Butterfield wants to keep his remarks short so that he doesn’t say anything incriminating that ends up on this blog. [Ed. note: everyone knows about the live-blogging and there is a slight undercurrent of distrust, although Jeremy was just joking. I think.] He congratulates the cosmology community in general, and George Ellis in particular, on their endogenous amphetamines. Wants to encourage plucky theories being studied by small groups of researchers (“weeds in the garden,” in a nomenclature from a previous session). How much do/should controversies in the foundations of statistics interact with debates in fundamental cosmology? In particular, how do they impact the measure problem?
In discussion, George Ellis quotes G.K. Chesterton: “the only people who have an explanation for everything are madmen.”
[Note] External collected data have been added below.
lemma local_op_pauli_on:
  assumes J: "J \<subseteq> {1..n}" and u: "u \<in> svecs p J"
  shows "local_op p n J (pauli_on p J u) = pauli_on p {1..n} u"
proof (intro ext)
  fix x y
  show "local_op p n J (pauli_on p J u) x y = pauli_on p {1..n} u x y"
  proof (cases "x \<in> fvec p {1..n} \<and> y \<in> fvec p {1..n}")
    case True
    have "restr J x \<in> fvec p J" and "restr J y \<in> fvec p J"
      using True J unfolding restr_def fvec_def by auto
    moreover have "(\<Sum>j\<in>J. snd u j * restr J y j) = (\<Sum>j\<in>{1..n}. snd u j * y j)"
      using svecs_supported_on[OF u] J unfolding restr_def supported_on_def
      by (simp add: sum.mono_neutral_left)
    moreover have "x = shift p u y \<longleftrightarrow>
        restr J x = shift p u (restr J y) \<and> (\<forall>j. j \<notin> J \<longrightarrow> x j = y j)"
      using shift_eq_iff_restr[OF svecs_supported_on[OF u]] True by blast
    ultimately show ?thesis
      using True unfolding local_op_def pauli_on_def
      by (cases "\<forall>j. j \<notin> J \<longrightarrow> x j = y j") (simp_all, blast)
  next
    case False
    then show ?thesis
      unfolding local_op_def pauli_on_def by auto
  qed
qed

lemma local_op_pauli_on_mult:
  assumes J: "J \<subseteq> {1..n}" and p: "p > 0" and a: "a \<in> svecs p J" and c: "c \<in> svecs p J"
  shows "local_op p n J (mmul (fvec p J) (pauli_on p J a) (pauli_on p J c)) =
    mmul (fvec p {1..n}) (pauli_on p {1..n} a) (pauli_on p {1..n} c)"
proof -
  have "finite J"
    using J finite_subset by blast
  have aN: "a \<in> svecs p {1..n}" and cN: "c \<in> svecs p {1..n}"
    using svecs_mono[OF J p] a c by blast+
  have "(\<Sum>j\<in>J. snd a j * fst c j) = (\<Sum>j\<in>{1..n}. snd a j * fst c j)"
    using svecs_supported_on[OF c] J unfolding supported_on_def by (simp add: sum.mono_neutral_left)
  moreover have "mmul (fvec p J) (pauli_on p J a) (pauli_on p J c) =
      (\<lambda>z x. unit_root p (int (\<Sum>j\<in>J. snd a j * fst c j)) * pauli_on p J (sadd p a c) z x)"
    using pauli_on_mult[OF p \<open>finite J\<close> a c] by (intro ext)
  moreover have "mmul (fvec p {1..n}) (pauli_on p {1..n} a) (pauli_on p {1..n} c) =
      (\<lambda>z x. unit_root p (int (\<Sum>j\<in>{1..n}. snd a j * fst c j)) * pauli_on p {1..n} (sadd p a c) z x)"
    using pauli_on_mult[OF p finite_atLeastAtMost aN cN] by (intro ext)
  ultimately show ?thesis
    by (simp add: local_op_scale local_op_pauli_on[OF J sadd_svecs[OF a c p]])
qed

lemma apply_local_kraus_gammaI_ketbra:
  "apply_local_kraus p n J As (gammaI p n I (ketbra phi)) x y =
   (\<Sum>k<length As. (1 / of_nat p ^ (2 * card I)) * (\<Sum>e\<in>svecs p I.
      ketbra (mvec (fvec p {1..n}) (local_op p n J (As ! k))
        (mvec (fvec p {1..n}) (pauli_on p {1..n} e) phi)) x y))"
proof -
  have gamma: "gammaI p n I (ketbra phi) = (\<lambda>x y. (1 / of_nat p ^ (2 * card I)) *
      (\<Sum>e\<in>svecs p I. ketbra (mvec (fvec p {1..n}) (pauli_on p {1..n} e) phi) x y))"
    unfolding gammaI_def pauli_eq_pauli_on ketbra_sandwich ..
  show ?thesis
    unfolding apply_local_kraus_def gamma sandwich_sum ketbra_sandwich ..
qed

lemma kraus_TP_map:
  assumes "distinct vs"
    and TP: "\<And>x y. x \<in> fvec p J \<Longrightarrow> y \<in> fvec p J \<Longrightarrow>
      (\<Sum>v\<in>set vs. mmul (fvec p J) (madj (A v)) (A v) x y) = ident (fvec p J) x y"
  shows "kraus_TP p J (map A vs)"
  unfolding kraus_TP_def mat_eq_def
proof (intro ballI)
  fix x y
  assume "x \<in> fvec p J" and "y \<in> fvec p J"
  then show "(\<Sum>k<length (map A vs). mmul (fvec p J) (madj (map A vs ! k)) (map A vs ! k) x y) =
      ident (fvec p J) x y"
    using TP sum_nth_distinct[OF assms(1), of "\<lambda>v. mmul (fvec p J) (madj (A v)) (A v) x y"] by simp
qed

lemma kraus_TP_ident:
  assumes "finite J"
  shows "kraus_TP p J [ident (fvec p J)]"
  unfolding kraus_TP_def mat_eq_def
proof (intro ballI)
  fix x y
  assume x: "x \<in> fvec p J" and "y \<in> fvec p J"
  have "mmul (fvec p J) (madj (ident (fvec p J))) (ident (fvec p J)) x y = ident (fvec p J) x y"
    unfolding mmul_def madj_def
    by (subst sum_eq_single[OF finite_fvec[OF assms] x]) (auto simp: ident_def)
  then show "(\<Sum>k<length [ident (fvec p J)]. mmul (fvec p J) (madj ([ident (fvec p J)] ! k))
      ([ident (fvec p J)] ! k) x y) = ident (fvec p J) x y"
    by simp
qed

lemma apply_local_kraus_vanishing:
  assumes "\<forall>x\<in>fvec p {1..n}. v x = 0"
  shows "mat_eq (fvec p {1..n}) (apply_local_kraus p n J As (gammaI p n I (ketbra v))) (ketbra v)"
proof -
  have "mvec (fvec p {1..n}) M v = (\<lambda>_. 0)" and "mvec (fvec p {1..n}) M (\<lambda>_. 0) = (\<lambda>_. 0)" for M
    using assms unfolding mvec_def by (simp_all add: fun_eq_iff)
  then show ?thesis
    using assms unfolding mat_eq_def apply_local_kraus_gammaI_ketbra by (simp add: ketbra_def)
qed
Tuesday evening: Why is there Something Rather than Nothing?
9:30: The conference closes with a posh dinner at Balliol College, featuring a talk by John Hawthorne on the primordial existential question. Then we have a response by Max Tegmark. Apparently my principled refusal to go to talks after 9:00 p.m. is no more reliable than my refusal to attend meetings that receive funding from the Templeton Foundation.
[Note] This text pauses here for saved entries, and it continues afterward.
lemma opnorm_on_inverse_eq_K:
  fixes T :: "'a \<Rightarrow> 'a"
  assumes "c < 1" "bij_betw T V W" "range E \<subseteq> V" "\<And>\<xi>. \<xi> \<in> range E \<Longrightarrow> T \<xi> = \<xi> - F \<xi>"
    and "\<And>x. x \<in> V \<Longrightarrow> norm (T x) \<le> norm x" "\<And>x. x \<in> V \<Longrightarrow> norm x \<le> K * norm (T x)"
    and "x0 \<in> V" "x0 \<noteq> 0"
  shows "opnorm_on W (inv_into V T) = K"
proof (rule antisym)
  let ?G = "inv_into V T"
  have inj: "inj_on T V" and image: "T ` V = W"
    using assms(2) by (auto simp: bij_betw_def)
  have G: "?G y \<in> V" "T (?G y) = y" if "y \<in> W" for y
    using that image by (auto intro: inv_into_into f_inv_into_f)
  have G_T: "?G (T x) = x" if "x \<in> V" for x
    using inj that by (rule inv_into_f_f)
  have T_ne: "T x \<noteq> 0" if "x \<in> V" "x \<noteq> 0" for x
    using assms(6)[OF that(1)] that(2) by auto
  have G_le: "norm (?G y) \<le> K * norm y" if "y \<in> W" for y
    using assms(6)[OF G(1)[OF that]] G(2)[OF that] by simp
  have "T x0 \<in> W" "T x0 \<noteq> 0"
    using assms(7,8) image T_ne by auto
  then show "opnorm_on W ?G \<le> K"
    using G_le by (intro opnorm_on_le) auto
  let ?s = "opnorm_on W ?G"
  have s: "norm x \<le> ?s * norm (T x)" if "x \<in> V" "x \<noteq> 0" for x
    using norm_le_opnorm_on[OF G_le, where y = "T x"] that image T_ne G_T by auto
  have "norm (T x0) \<le> ?s * norm (T x0)"
    using assms(5)[OF assms(7)] s[OF assms(7,8)] by linarith
  then have "1 \<le> ?s"
    using \<open>T x0 \<noteq> 0\<close> by simp
  moreover have "\<forall>\<xi>\<in>range E. norm \<xi> \<le> ?s * norm (\<xi> - F \<xi>)"
  proof
    fix \<xi> assume "\<xi> \<in> range E"
    then show "norm \<xi> \<le> ?s * norm (\<xi> - F \<xi>)"
      using s[of \<xi>] assms(3,4) projection_zero[OF F] by (cases "\<xi> = 0") auto
  qed
  ultimately show "K \<le> opnorm_on W ?G"
    using bounded_below_on_E_iff by blast
qed

lemma opnorm_on_inverse_E_minus_F:
  assumes "c < 1" "J \<noteq> (\<lambda>_. 0)"
  shows "opnorm_on (range J) (inv_into (range J) (\<lambda>x. E x - F x)) = K"
proof -
  obtain x0 where "x0 \<in> range J" "x0 \<noteq> 0"
    using assms(2) by blast
  moreover have "bij_betw (\<lambda>x. E x - F x) (range J) (range J)"
    using invertible_E_minus_F_iff assms(1) by (simp add: invertible_between_iff)
  ultimately show ?thesis
    using range_E_subset_J range_projection_iff[OF E] norm_E_minus_F_le norm_le_K_E_minus_F[OF assms(1)]
    by (intro opnorm_on_inverse_eq_K[OF assms(1)]) auto
qed

lemma opnorm_on_inverse_J_E_minus_F_E:
  assumes "c < 1" "E \<noteq> (\<lambda>_. 0)"
  shows "opnorm_on Y (inv_into (range E) (\<lambda>x. J (E x) - F (E x))) = K"
proof -
  obtain x0 where "x0 \<in> range E" "x0 \<noteq> 0"
    using assms(2) by blast
  moreover have "bij_betw (\<lambda>x. J (E x) - F (E x)) (range E) Y"
    using invertible_J_E_minus_F_E_iff assms(1) by (simp add: invertible_between_iff)
  ultimately show ?thesis
    using J_E_minus_F_E_on_E projection_complement_norm_le[OF F] norm_le_K[OF assms(1)]
    by (intro opnorm_on_inverse_eq_K[OF assms(1)]) auto
qed

end

theorem lemma3p7:
  fixes E F :: "'a::{real_inner, complete_space} \<Rightarrow> 'a"
  assumes "is_projection E" and "is_projection F"
  defines "J \<equiv> proj_join E F"
  defines "C1 \<equiv> proj_meet E F = (\<lambda>_. 0) \<and> range J = {\<xi> + \<beta> | \<xi> \<beta>. \<xi> \<in> range E \<and> \<beta> \<in> range F}"
  defines "C2 \<equiv> invertible_between (\<lambda>x. E x - F x) (range J) (range J)"
  defines "C3 \<equiv> invertible_between (\<lambda>x. J (E x) - F (E x)) (range E) (range (\<lambda>x. J x - F x))"
  shows "(C1 \<longleftrightarrow> C2) \<and> (C2 \<longleftrightarrow> C3)
    \<and> (C2 \<and> J \<noteq> (\<lambda>_. 0) \<longrightarrow>
           opnorm_on (range J) (inv_into (range J) (\<lambda>x. E x - F x))
             = (1 - (onorm (E \<circ> F))\<^sup>2) powr (-1/2))
    \<and> (C2 \<and> E \<noteq> (\<lambda>_. 0) \<longrightarrow>
           opnorm_on (range (\<lambda>x. J x - F x)) (inv_into (range E) (\<lambda>x. J (E x) - F (E x)))
             = (1 - (onorm (E \<circ> F))\<^sup>2) powr (-1/2))"
proof -
  interpret P: two_projections E F
    using assms(1,2) by (rule two_projections.intro)
  have "C1 \<longleftrightarrow> P.c < 1" "C2 \<longleftrightarrow> P.c < 1" "C3 \<longleftrightarrow> P.c < 1"
    unfolding C1_def C2_def C3_def J_def P.Y_def[symmetric] P.S_def[symmetric]
    by (fact P.complementary_iff P.invertible_E_minus_F_iff P.invertible_J_E_minus_F_E_iff)+
  moreover have "(1 - (onorm (E \<circ> F))\<^sup>2) powr (-1/2) = P.K"
    unfolding P.K_def P.c_def ..
  ultimately show ?thesis
    unfolding J_def P.Y_def[symmetric]
    using P.opnorm_on_inverse_E_minus_F P.opnorm_on_inverse_J_E_minus_F_E by auto
qed

end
But I didn’t actually bring my laptop to the talks, so the summaries will be short and sweet. Hawthorne didn’t offer an answer to the question, but tried to provide a roadmap to possible answers. He distinguished between different notions of “nothing,” from true non-existence to an empty and involving universe. Then he distinguished between explanations from law — something exists because there is a deep principle of nature which, perhaps among other things, requires something to exist — and explanations from probability — there is a measure on the space of things that might possibly exist, and the measure assigned to the empty set is zero or at any rate small. Long story short, metaphysicians have not reached a consensus on this question.
Tegmark decided to tackle the question of what kinds of things there could be, rather than why at least one of them was real. He has a classification of multiverses: Type I is just a really big space that is pretty similar throughout, Type II is an inflationary kind of multiverse with distinct (although perhaps connected) bubbles, Type III is different branches of the wave function. His favorite option is the Type IV, in which all possible mathematical structures exist; that’s closely related to David Lewis’s ideas about modal realism.
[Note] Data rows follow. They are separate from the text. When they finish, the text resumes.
(* Let $R$ be a ring. (i) For any nil ideal $I$ of $R$, $R$ is GSWNC if and only if $R/I$ is GSWNC. (ii) $R$ is GSWNC if and only if the Jacobson radical $J(R)$ is nil and $R/J(R)$ is GSWNC.
   Context: All rings are associative with identity. An element $a$ of a ring is strongly weakly nil-clean if there exist an idempotent $e$ and a nilpotent $q$ with $eq = qe$ such that $a = q + e$ or $a = q - e$. A ring is GSWNC if every non-invertible element is strongly weakly nil-clean. *)

theory Defs
  imports "HOL-Algebra.Algebra"
begin

definition nilpotent_elem :: "('a, 'b) ring_scheme \<Rightarrow> 'a \<Rightarrow> bool" where
  "nilpotent_elem R q \<longleftrightarrow> q \<in> carrier R \<and> (\<exists>n::nat. q [^]\<^bsub>R\<^esub> n = \<zero>\<^bsub>R\<^esub>)"

definition idempotent_elem :: "('a, 'b) ring_scheme \<Rightarrow> 'a \<Rightarrow> bool" where
  "idempotent_elem R e \<longleftrightarrow> e \<in> carrier R \<and> e \<otimes>\<^bsub>R\<^esub> e = e"

definition strongly_weakly_nil_clean :: "('a, 'b) ring_scheme \<Rightarrow> 'a \<Rightarrow> bool" where
  "strongly_weakly_nil_clean R a \<longleftrightarrow>
     (\<exists>e q. idempotent_elem R e \<and> nilpotent_elem R q \<and> e \<otimes>\<^bsub>R\<^esub> q = q \<otimes>\<^bsub>R\<^esub> e \<and>
        (a = q \<oplus>\<^bsub>R\<^esub> e \<or> a = q \<ominus>\<^bsub>R\<^esub> e))"

definition GSWNC :: "('a, 'b) ring_scheme \<Rightarrow> bool" where
  "GSWNC R \<longleftrightarrow> (\<forall>a \<in> carrier R - Units R. strongly_weakly_nil_clean R a)"

definition nil_set :: "('a, 'b) ring_scheme \<Rightarrow> 'a set \<Rightarrow> bool" where
  "nil_set R I \<longleftrightarrow> (\<forall>x \<in> I. nilpotent_elem R x)"

definition nil_ideal :: "'a set \<Rightarrow> ('a, 'b) ring_scheme \<Rightarrow> bool" where
  "nil_ideal I R \<longleftrightarrow> ideal I R \<and> nil_set R I"

definition left_ideal :: "'a set \<Rightarrow> ('a, 'b) ring_scheme \<Rightarrow> bool" where
  "left_ideal L R \<longleftrightarrow> additive_subgroup L R \<and>
     (\<forall>r \<in> carrier R. \<forall>x \<in> L. r \<otimes>\<^bsub>R\<^esub> x \<in> L)"

definition maximal_left_ideal :: "'a set \<Rightarrow> ('a, 'b) ring_scheme \<Rightarrow> bool" where
  "maximal_left_ideal M R \<longleftrightarrow> left_ideal M R \<and> M \<noteq> carrier R \<and>
     (\<forall>L. left_ideal L R \<longrightarrow> M \<subseteq> L \<longrightarrow> L = M \<or> L = carrier R)"

text \<open>Jacobson radical: intersection of all maximal left ideals (equal to the whole
  (zero) ring when there are none).\<close>
definition jacobson_radical :: "('a, 'b) ring_scheme \<Rightarrow> 'a set" where
  "jacobson_radical R = {x \<in> carrier R. \<forall>M. maximal_left_ideal M R \<longrightarrow> x \<in> M}"

end

theory Submission
  imports Defs
begin

text \<open>
  An element a is strongly weakly nil-clean iff a - a^2 or a + a^2 is nilpotent. For sufficiency one may work in a commutative subring containing a
  (its double centralizer); there a Bezout identity s a^(n+1) + t (1 - a)^(n+1) = 1
  yields the idempotent e = s a^(n+1), and a - e is a multiple of a - a^2.

  A surjective ring homomorphism with nil kernel reflects nilpotency and, since 1 minus a nilpotent
  is a unit, also invertibility; so it reflects this criterion and hence the GSWNC property, which
  gives (i). For (ii), the Jacobson radical J is a two-sided ideal, and in a GSWNC ring every
  x in J is nilpotent: either x is a unit, which forces R = 0, or x - x^2 = (1 - x) x or
  x + x^2 = (1 + x) x is nilpotent, where 1 - x resp. 1 + x is left invertible and commutes with x.
\<close>

definition centralizer :: "('a, 'b) ring_scheme \<Rightarrow> 'a set \<Rightarrow> 'a set" where
  "centralizer R S = {x \<in> carrier R. \<forall>y \<in> S. x \<otimes>\<^bsub>R\<^esub> y = y \<otimes>\<^bsub>R\<^esub> x}"

context ring begin

lemma subring_centralizer:
  assumes S: "S \<subseteq> carrier R" shows "subring (centralizer R S) R"
proof (rule subringI)
  show "centralizer R S \<subseteq> carrier R" "\<one> \<in> centralizer R S"
    using S by (auto simp: centralizer_def)
  fix x y assume x: "x \<in> centralizer R S" and y: "y \<in> centralizer R S"
  have c: "x \<in> carrier R" "y \<in> carrier R" using x y by (simp_all add: centralizer_def)
  show "\<ominus> x \<in> centralizer R S"
    using x S unfolding centralizer_def by (auto simp: l_minus r_minus subset_iff)
  show "x \<otimes> y \<in> centralizer R S"
    unfolding centralizer_def
  proof (intro CollectI conjI ballI)
    fix z assume z: "z \<in> S"
    have zc: "z \<in> carrier R" using z S by blast
    have "x \<otimes> y \<otimes> z = x \<otimes> (z \<otimes> y)" using y z c zc by (simp add: m_assoc centralizer_def)
    also have "\<dots> = z \<otimes> x \<otimes> y" using x z c zc by (simp flip: m_assoc add: centralizer_def)
    finally show "x \<otimes> y \<otimes> z = z \<otimes> (x \<otimes> y)" using c zc by (simp add: m_assoc)
  qed (use c in simp)
  show "x \<oplus> y \<in> centralizer R S"
    using x y S unfolding centralizer_def by (auto simp: l_distr r_distr subset_iff)
qed

lemma subcring_centralizer_centralizer:
  assumes S: "S \<subseteq> carrier R" and comm: "\<And>x y. x \<in> S \<Longrightarrow> y \<in> S \<Longrightarrow> x \<otimes> y = y \<otimes> x"
  shows "subcring (centralizer R (centralizer R S)) R"
proof (rule subcringI)
  have "centralizer R S \<subseteq> carrier R" by (simp add: centralizer_def)
  then show "subring (centralizer R (centralizer R S)) R" by (rule subring_centralizer)
  have "S \<subseteq> centralizer R S" using S comm by (auto simp: centralizer_def)
  then have "centralizer R (centralizer R S) \<subseteq> centralizer R S"
    by (auto simp: centralizer_def)
  then show "x \<otimes> y = y \<otimes> x"
    if "x \<in> centralizer R (centralizer R S)" "y \<in> centralizer R (centralizer R S)" for x y
    using that by (auto simp: centralizer_def)
qed

lemma subset_centralizer_centralizer:
  "S \<subseteq> carrier R \<Longrightarrow> S \<subseteq> centralizer R (centralizer R S)"
  by (auto simp: centralizer_def)

lemma a_minus_consistent:
  assumes H: "subring H R" and x: "x \<in> H" and y: "y \<in> H"
  shows "x \<ominus>\<^bsub>R\<lparr>carrier := H\<rparr>\<^esub> y = x \<ominus> y"
proof -
  interpret S: ring "R\<lparr>carrier := H\<rparr>" using H by (rule subring_is_ring)
  have "H \<subseteq> carrier R" using H by (rule subringE)
  then have "\<ominus> y = \<ominus>\<^bsub>R\<lparr>carrier := H\<rparr>\<^esub> y"
    using S.l_neg[of y] S.a_inv_closed[of y] y by (intro minus_equality) auto
  then show ?thesis by (simp add: a_minus_def)
qed

lemma nilpotent_elem_mult:
  assumes x: "nilpotent_elem R x" and y: "y \<in> carrier R" and xy: "x \<otimes> y = y \<otimes> x"
  shows "nilpotent_elem R (x \<otimes> y)"
proof -
  obtain n where "x \<in> carrier R" "x [^] (n::nat) = \<zero>" using x by (auto simp: nilpotent_elem_def)
  then have "x \<otimes> y \<in> carrier R" "(x \<otimes> y) [^] n = \<zero>" using y xy by (simp_all add: pow_mult_distrib)
  then show ?thesis by (auto simp: nilpotent_elem_def)
qed

lemma nilpotent_elem_uminus_iff:
  assumes x: "x \<in> carrier R" shows "nilpotent_elem R (\<ominus> x) \<longleftrightarrow> nilpotent_elem R x"
proof -
  have "nilpotent_elem R (\<ominus> y)" if "nilpotent_elem R y" for y
  proof -
    have y: "y \<in> carrier R" using that by (simp add: nilpotent_elem_def)
    have "y \<otimes> \<ominus> \<one> = \<ominus> \<one> \<otimes> y" using y by (simp add: l_minus r_minus)
    then have "nilpotent_elem R (y \<otimes> \<ominus> \<one>)" using nilpotent_elem_mult[OF that] by simp
    moreover have "y \<otimes> \<ominus> \<one> = \<ominus> y" using y by (simp add: r_minus)
    ultimately show ?thesis by metis
  qed
  from this[of x] this[of "\<ominus> x"] show ?thesis using x by auto
qed

lemma one_minus_nilpotent_Units:
  assumes "nilpotent_elem R x" shows "\<one> \<ominus> x \<in> Units R"
proof -
  obtain n where x: "x \<in> carrier R" and n: "x [^] (n::nat) = \<zero>"
    using assms by (auto simp: nilpotent_elem_def)
  \<comment> \<open>g is the partial geometric sum 1 + x + ... + x^(k-1).\<close>
  have "\<exists>g \<in> carrier R. (\<one> \<ominus> x) \<otimes> g = \<one> \<ominus> x [^] k \<and> g \<otimes> (\<one> \<ominus> x) = \<one> \<ominus> x [^] k"
    for k :: nat
  proof (induction k)
    case 0
    show ?case using x by (intro bexI[of _ \<zero>]) (auto simp: minus_eq r_neg)
  next
    case (Suc k)
    then obtain g where g: "g \<in> carrier R" "(\<one> \<ominus> x) \<otimes> g = \<one> \<ominus> x [^] k"
      "g \<otimes> (\<one> \<ominus> x) = \<one> \<ominus> x [^] k" by blast
    have step: "\<one> \<ominus> x \<oplus> x \<otimes> (\<one> \<ominus> x [^] k) = \<one> \<ominus> x [^] Suc k"
      using x nat_pow_closed[OF x, of k] unfolding nat_pow_Suc2[OF x]
      by (simp add: minus_eq r_distr r_minus a_assoc r_neg1)
    have "(\<one> \<ominus> x) \<otimes> (\<one> \<oplus> x \<otimes> g) = \<one> \<ominus> x \<oplus> x \<otimes> ((\<one> \<ominus> x) \<otimes> g)"
      and "(\<one> \<oplus> x \<otimes> g) \<otimes> (\<one> \<ominus> x) = \<one> \<ominus> x \<oplus> x \<otimes> (g \<otimes> (\<one> \<ominus> x))"
      using x g(1) by (simp_all add: ring_simprules)
    then have "(\<one> \<ominus> x) \<otimes> (\<one> \<oplus> x \<otimes> g) = \<one> \<ominus> x [^] Suc k"
      and "(\<one> \<oplus> x \<otimes> g) \<otimes> (\<one> \<ominus> x) = \<one> \<ominus> x [^] Suc k"
      by (simp_all only: g(2,3) step)
    then show ?case using x g(1) by (intro bexI[of _ "\<one> \<oplus> x \<otimes> g"]) auto
  qed
  from this[of n] obtain g where "g \<in> carrier R" "(\<one> \<ominus> x) \<otimes> g = \<one>" "g \<otimes> (\<one> \<ominus> x) = \<one>"
    unfolding n by (auto simp: minus_eq)
  then show ?thesis using x unfolding Units_def by auto
qed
I had a question I wanted to ask, as follows. Imagine that we agreed that any universe could be described by some sort of mathematical structure; perhaps a wave function evolving in Hilbert space, or a discrete cellular automaton, or a single point, or even the empty set (“nothing”). The question is, what kind of possible answer to the question “Why is the actual universe this structure rather than that structure?” could one imagine providing that would be more fruitful, give us more information, than a simple statement of the brute fact of which structure it was? Isn’t it necessarily like trying to discern a pattern from a single event?
But I was sensible enough to recognize that going to sleep was a higher priority than figuring out the meaning of existence. Maybe some other time.